Peggy Peabody: I was a lesbian back in 1974.
Bette: Just 1974?
Peggy Peabody: Yes, that was all I needed.
Bette: That's what we commonly refer to as a "hasbian".
[after Alice tells Gabby off exactly as Bette and Tina told her to]
Gabby Deveaux: Emotional cripple? Where did you get that from? Dr. Phil?
Alice: Get out of my house.
Gabby Deveaux: Whatev. Suit yourself.
[starts to leave]
Gabby Deveaux: But this is not a good move for someone like you. Everyone knows you're desperate. There's no way you're going to bounce back from this.

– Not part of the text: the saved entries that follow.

lemma precedes_twisted_pair:
  assumes w: "w i = twisted_pair m t2 (u i) (v p)" "w j = twisted_pair m t2 (u j) (v q)"
    and u: "u i < m" "u j < m"
    and type_eq: "typ (w i) \<longleftrightarrow> (t1 (u i) \<longleftrightarrow> t2 (v p))"
    and v: "precedes t2 v p q"
    and u_less: "p < q \<Longrightarrow> precedes t1 u i j"
    and u_greater: "q < p \<Longrightarrow> precedes t1 u j i"
  shows "precedes typ w i j"
proof (cases "v p < v q")
  case True
  then show ?thesis
    using twisted_pair_less_snd[OF u(1) True] w by (simp add: precedes_iff)
next
  case False
  with v have vq: "v q = v p" and pq: "if t2 (v p) then p < q else q < p"
    by (auto simp: precedes_iff)
  show ?thesis
  proof (cases "t2 (v p)")
    case True
    with pq u_less have "precedes t1 u i j" by simp
    then show ?thesis
      using twisted_pair_less_fst[OF u, of t2 "v p"] True type_eq w vq by (auto simp: precedes_iff)
  next
    case False
    with pq u_greater have "precedes t1 u j i" by simp
    then show ?thesis
      using twisted_pair_less_fst[OF u, of t2 "v p"] False type_eq w vq by (auto simp: precedes_iff)
  qed
qed

definition pair_word :: "nat \<Rightarrow> nat \<Rightarrow> (nat \<Rightarrow> bool) \<Rightarrow> (nat \<Rightarrow> nat) \<Rightarrow> (nat \<Rightarrow> nat) \<Rightarrow> (nat \<Rightarrow> nat) \<Rightarrow> nat \<Rightarrow> nat" where
  "pair_word n m t \<alpha> u v = restrict (\<lambda>i. twisted_pair m t (u i) (v (inv \<alpha> i))) {1..n}"

lemma pair_word_PiE:
  assumes "\<alpha> permutes {1..n}" "u \<in> {1..n} \<rightarrow>\<^sub>E {..<m1}" "v \<in> {1..n} \<rightarrow>\<^sub>E {..<m2}"
  shows "pair_word n m1 t \<alpha> u v \<in> {1..n} \<rightarrow>\<^sub>E {..<m1 * m2}"
  using assms permutes_in_image[OF permutes_inv[OF assms(1)]]
  by (auto simp: pair_word_def intro!: twisted_pair_less_mult)

context
  fixes n m1 m2 :: nat and t1 t2 t :: "nat \<Rightarrow> bool"
  assumes m1_pos: "0 < m1"
    and type_twisted_pair:
      "\<And>x y. x < m1 \<Longrightarrow> y < m2 \<Longrightarrow> t (twisted_pair m1 t2 x y) \<longleftrightarrow> (t1 x \<longleftrightarrow> t2 y)"
begin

[Dana walks into the country club kitchen looking for Lara and finds her]
[Lara looks up at Dana, and cuts her thumb]
Dana: [freaking out] Oh, my god! Oh! oh, my god, I'm sorry, I...
Lara Perkins: It's okay...
Dana: Ah, Jesus, you're disfigured!
Lara Perkins: [smiling and calm] I'm not disfigured.
Dana: But I could've killed you! When you were... you know.
Lara Perkins: [still smiling] It happens all the time.
Dana: Well, should we call a doctor?
[Lara holds off her hand, and begins counting off visible scars on her fingers]
Lara Perkins: Second-degree burn from the bÈchamel sauce. Run-away shish-kabob. An attack from a particularly hostile live lobster, and, um... electric can-opener.
Dana: [blushing] Is there anything I can do?
Lara Perkins: [holding up thumb] You could kiss it and make it better.
Dana: Um. I was wondering if maybe sometime...
Lara Perkins: I would love to.
[Laura smiles and nods]
Dana: Okay! Is Thursday night okay?
Lara Perkins: Thursday night is great.
Dana: Where do you wanna go?
Lara Perkins: Anywhere you're going.
Dana: Yeah, but you're a food person. So, I want to take you someplace really good. Like L'Orangerie.
Lara Perkins: No, no, no, that's way too expensive.
Dana: I know. I'll take care of it.
Lara Perkins: We're not starting out that way. Um... there's this little place in Koreatown that I've been dying to check out.
Dana: Do I need to make a reservation?
Lara Perkins: How about if I take care of that part, and you just pick me up at eight?